§ **WORK TO BE COMPLETED**
The answer should be a single number: how many lines in the material contain "auto".

++++++++++++++++++++

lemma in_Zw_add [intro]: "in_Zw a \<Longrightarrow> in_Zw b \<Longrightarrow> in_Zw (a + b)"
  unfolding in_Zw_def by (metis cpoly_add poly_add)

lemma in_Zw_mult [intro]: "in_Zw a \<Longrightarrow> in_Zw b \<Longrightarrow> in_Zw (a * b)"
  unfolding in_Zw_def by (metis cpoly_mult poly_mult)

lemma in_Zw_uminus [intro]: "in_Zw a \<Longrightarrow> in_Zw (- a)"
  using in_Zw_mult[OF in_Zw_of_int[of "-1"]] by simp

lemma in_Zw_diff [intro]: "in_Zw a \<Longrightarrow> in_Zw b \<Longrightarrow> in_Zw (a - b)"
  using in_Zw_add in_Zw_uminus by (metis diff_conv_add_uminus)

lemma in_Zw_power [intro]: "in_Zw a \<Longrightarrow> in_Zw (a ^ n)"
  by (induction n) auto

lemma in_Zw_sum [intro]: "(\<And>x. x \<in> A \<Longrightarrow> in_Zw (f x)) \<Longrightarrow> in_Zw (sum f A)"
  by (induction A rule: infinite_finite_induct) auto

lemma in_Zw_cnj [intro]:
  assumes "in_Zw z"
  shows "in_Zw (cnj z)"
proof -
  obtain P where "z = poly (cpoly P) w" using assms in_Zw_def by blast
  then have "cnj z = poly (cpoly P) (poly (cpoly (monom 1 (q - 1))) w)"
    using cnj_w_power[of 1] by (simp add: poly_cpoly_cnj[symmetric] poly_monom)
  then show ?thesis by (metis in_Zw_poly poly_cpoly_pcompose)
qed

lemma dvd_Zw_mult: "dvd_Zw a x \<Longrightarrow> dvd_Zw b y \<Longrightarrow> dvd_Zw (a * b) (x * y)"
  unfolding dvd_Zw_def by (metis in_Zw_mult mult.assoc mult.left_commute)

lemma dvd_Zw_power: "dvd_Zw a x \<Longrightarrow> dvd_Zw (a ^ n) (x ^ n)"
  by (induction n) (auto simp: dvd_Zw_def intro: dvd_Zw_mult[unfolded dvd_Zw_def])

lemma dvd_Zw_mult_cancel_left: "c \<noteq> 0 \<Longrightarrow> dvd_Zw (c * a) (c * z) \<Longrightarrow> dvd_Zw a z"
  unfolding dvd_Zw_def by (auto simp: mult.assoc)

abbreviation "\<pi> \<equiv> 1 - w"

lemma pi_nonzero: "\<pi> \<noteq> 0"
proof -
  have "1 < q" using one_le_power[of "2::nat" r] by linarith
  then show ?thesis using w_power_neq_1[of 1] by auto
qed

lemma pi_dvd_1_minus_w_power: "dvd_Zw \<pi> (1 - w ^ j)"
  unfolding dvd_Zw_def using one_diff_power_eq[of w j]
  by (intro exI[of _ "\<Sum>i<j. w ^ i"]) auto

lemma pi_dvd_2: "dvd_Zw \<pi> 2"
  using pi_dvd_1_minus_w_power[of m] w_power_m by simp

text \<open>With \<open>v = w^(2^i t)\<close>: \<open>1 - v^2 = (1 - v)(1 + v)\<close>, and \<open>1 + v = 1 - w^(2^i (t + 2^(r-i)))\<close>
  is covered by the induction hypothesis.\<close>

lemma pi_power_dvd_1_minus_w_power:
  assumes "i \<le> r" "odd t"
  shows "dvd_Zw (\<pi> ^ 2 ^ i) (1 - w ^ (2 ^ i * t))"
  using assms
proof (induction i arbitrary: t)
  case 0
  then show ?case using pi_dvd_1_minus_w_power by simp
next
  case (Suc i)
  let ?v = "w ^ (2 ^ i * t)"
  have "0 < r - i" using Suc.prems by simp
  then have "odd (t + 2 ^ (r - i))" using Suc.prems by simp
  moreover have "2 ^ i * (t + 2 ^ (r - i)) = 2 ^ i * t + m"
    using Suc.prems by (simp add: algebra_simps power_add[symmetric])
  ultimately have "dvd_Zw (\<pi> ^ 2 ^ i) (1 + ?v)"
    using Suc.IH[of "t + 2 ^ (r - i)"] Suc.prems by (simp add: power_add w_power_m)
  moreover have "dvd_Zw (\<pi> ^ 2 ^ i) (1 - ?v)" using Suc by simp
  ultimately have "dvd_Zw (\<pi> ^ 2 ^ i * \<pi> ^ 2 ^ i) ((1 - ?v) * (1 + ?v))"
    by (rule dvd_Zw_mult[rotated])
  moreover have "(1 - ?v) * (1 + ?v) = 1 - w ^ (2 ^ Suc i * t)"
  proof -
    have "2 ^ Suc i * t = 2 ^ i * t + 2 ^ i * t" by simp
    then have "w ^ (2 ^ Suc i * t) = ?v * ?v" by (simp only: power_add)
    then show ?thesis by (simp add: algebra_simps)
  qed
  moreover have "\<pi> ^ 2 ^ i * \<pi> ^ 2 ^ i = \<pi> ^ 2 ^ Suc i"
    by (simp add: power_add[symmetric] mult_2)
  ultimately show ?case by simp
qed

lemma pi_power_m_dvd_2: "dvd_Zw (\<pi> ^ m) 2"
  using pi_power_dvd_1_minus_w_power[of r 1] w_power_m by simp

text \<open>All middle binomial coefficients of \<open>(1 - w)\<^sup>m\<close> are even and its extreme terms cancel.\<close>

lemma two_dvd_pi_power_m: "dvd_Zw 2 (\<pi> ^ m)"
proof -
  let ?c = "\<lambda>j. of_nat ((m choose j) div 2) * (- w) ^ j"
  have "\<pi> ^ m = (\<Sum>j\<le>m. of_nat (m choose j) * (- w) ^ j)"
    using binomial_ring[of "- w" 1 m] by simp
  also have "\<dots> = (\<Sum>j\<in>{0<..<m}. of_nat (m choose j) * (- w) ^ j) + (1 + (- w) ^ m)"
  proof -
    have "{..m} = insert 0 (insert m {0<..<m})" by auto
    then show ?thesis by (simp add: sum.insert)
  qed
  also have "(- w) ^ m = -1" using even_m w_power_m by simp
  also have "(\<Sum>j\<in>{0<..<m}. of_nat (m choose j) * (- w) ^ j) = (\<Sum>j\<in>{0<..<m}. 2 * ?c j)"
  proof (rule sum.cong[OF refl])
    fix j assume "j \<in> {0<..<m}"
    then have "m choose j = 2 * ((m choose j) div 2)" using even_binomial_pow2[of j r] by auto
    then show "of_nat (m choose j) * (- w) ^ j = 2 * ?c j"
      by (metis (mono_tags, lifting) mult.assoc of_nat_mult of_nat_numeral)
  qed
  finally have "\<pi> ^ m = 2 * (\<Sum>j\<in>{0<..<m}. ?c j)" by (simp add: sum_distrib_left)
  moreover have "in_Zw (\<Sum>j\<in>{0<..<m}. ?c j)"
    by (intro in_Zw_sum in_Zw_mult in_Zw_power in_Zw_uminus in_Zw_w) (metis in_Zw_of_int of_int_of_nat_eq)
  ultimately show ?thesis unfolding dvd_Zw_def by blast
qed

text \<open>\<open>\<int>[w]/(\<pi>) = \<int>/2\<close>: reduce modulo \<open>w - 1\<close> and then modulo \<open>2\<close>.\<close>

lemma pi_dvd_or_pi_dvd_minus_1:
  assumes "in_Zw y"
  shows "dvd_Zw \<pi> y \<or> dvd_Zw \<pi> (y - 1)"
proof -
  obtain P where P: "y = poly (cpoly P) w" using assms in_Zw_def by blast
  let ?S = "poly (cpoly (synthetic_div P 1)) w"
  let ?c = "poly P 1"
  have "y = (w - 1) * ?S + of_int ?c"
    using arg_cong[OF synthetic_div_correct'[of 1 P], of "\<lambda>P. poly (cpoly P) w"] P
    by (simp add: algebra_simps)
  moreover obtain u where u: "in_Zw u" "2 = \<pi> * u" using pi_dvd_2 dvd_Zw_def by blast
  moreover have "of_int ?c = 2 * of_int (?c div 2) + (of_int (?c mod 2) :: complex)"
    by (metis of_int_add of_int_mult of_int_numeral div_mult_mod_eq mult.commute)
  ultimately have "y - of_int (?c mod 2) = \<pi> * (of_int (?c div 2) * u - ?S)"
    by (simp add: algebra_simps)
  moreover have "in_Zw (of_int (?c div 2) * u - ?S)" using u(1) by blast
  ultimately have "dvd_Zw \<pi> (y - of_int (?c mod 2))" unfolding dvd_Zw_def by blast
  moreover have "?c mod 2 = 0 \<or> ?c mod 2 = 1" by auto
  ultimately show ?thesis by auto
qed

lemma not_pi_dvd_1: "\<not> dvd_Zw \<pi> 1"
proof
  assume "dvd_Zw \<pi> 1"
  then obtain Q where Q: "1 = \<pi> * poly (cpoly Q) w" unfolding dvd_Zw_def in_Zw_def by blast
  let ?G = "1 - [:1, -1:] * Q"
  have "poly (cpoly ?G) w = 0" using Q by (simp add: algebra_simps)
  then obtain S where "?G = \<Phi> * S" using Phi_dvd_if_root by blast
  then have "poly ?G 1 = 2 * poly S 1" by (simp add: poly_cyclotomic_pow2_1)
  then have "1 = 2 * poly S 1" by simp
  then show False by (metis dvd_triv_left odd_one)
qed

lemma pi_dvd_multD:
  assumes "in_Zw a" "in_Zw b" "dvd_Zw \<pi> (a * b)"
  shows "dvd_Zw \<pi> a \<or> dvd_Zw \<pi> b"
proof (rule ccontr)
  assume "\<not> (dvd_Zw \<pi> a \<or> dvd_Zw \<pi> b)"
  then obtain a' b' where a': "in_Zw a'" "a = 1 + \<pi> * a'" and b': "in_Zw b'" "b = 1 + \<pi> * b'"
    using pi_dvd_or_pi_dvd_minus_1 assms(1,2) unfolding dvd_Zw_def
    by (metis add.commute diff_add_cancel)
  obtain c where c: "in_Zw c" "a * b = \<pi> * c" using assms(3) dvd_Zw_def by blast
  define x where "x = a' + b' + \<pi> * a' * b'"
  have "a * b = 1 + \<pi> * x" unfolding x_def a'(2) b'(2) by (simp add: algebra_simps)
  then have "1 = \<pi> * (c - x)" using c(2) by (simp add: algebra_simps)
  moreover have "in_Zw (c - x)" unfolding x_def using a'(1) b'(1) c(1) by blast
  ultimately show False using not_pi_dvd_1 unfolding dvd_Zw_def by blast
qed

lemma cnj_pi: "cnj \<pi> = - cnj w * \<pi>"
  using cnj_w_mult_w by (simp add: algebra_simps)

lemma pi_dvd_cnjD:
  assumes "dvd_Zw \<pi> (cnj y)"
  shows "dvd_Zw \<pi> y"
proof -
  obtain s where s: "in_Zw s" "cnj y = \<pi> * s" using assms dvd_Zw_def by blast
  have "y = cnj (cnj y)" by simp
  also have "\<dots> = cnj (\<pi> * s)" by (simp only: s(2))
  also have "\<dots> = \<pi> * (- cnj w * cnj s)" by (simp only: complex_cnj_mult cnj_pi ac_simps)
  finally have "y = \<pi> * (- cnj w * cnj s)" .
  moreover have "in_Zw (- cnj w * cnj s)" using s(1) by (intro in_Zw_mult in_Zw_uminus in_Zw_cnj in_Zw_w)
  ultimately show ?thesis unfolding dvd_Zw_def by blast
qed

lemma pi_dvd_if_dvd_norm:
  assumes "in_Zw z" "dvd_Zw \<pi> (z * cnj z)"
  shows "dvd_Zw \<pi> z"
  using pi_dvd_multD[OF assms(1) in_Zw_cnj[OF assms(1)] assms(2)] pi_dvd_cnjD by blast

++++++++++++++++++++

§ **EXERCISE RESULT**
10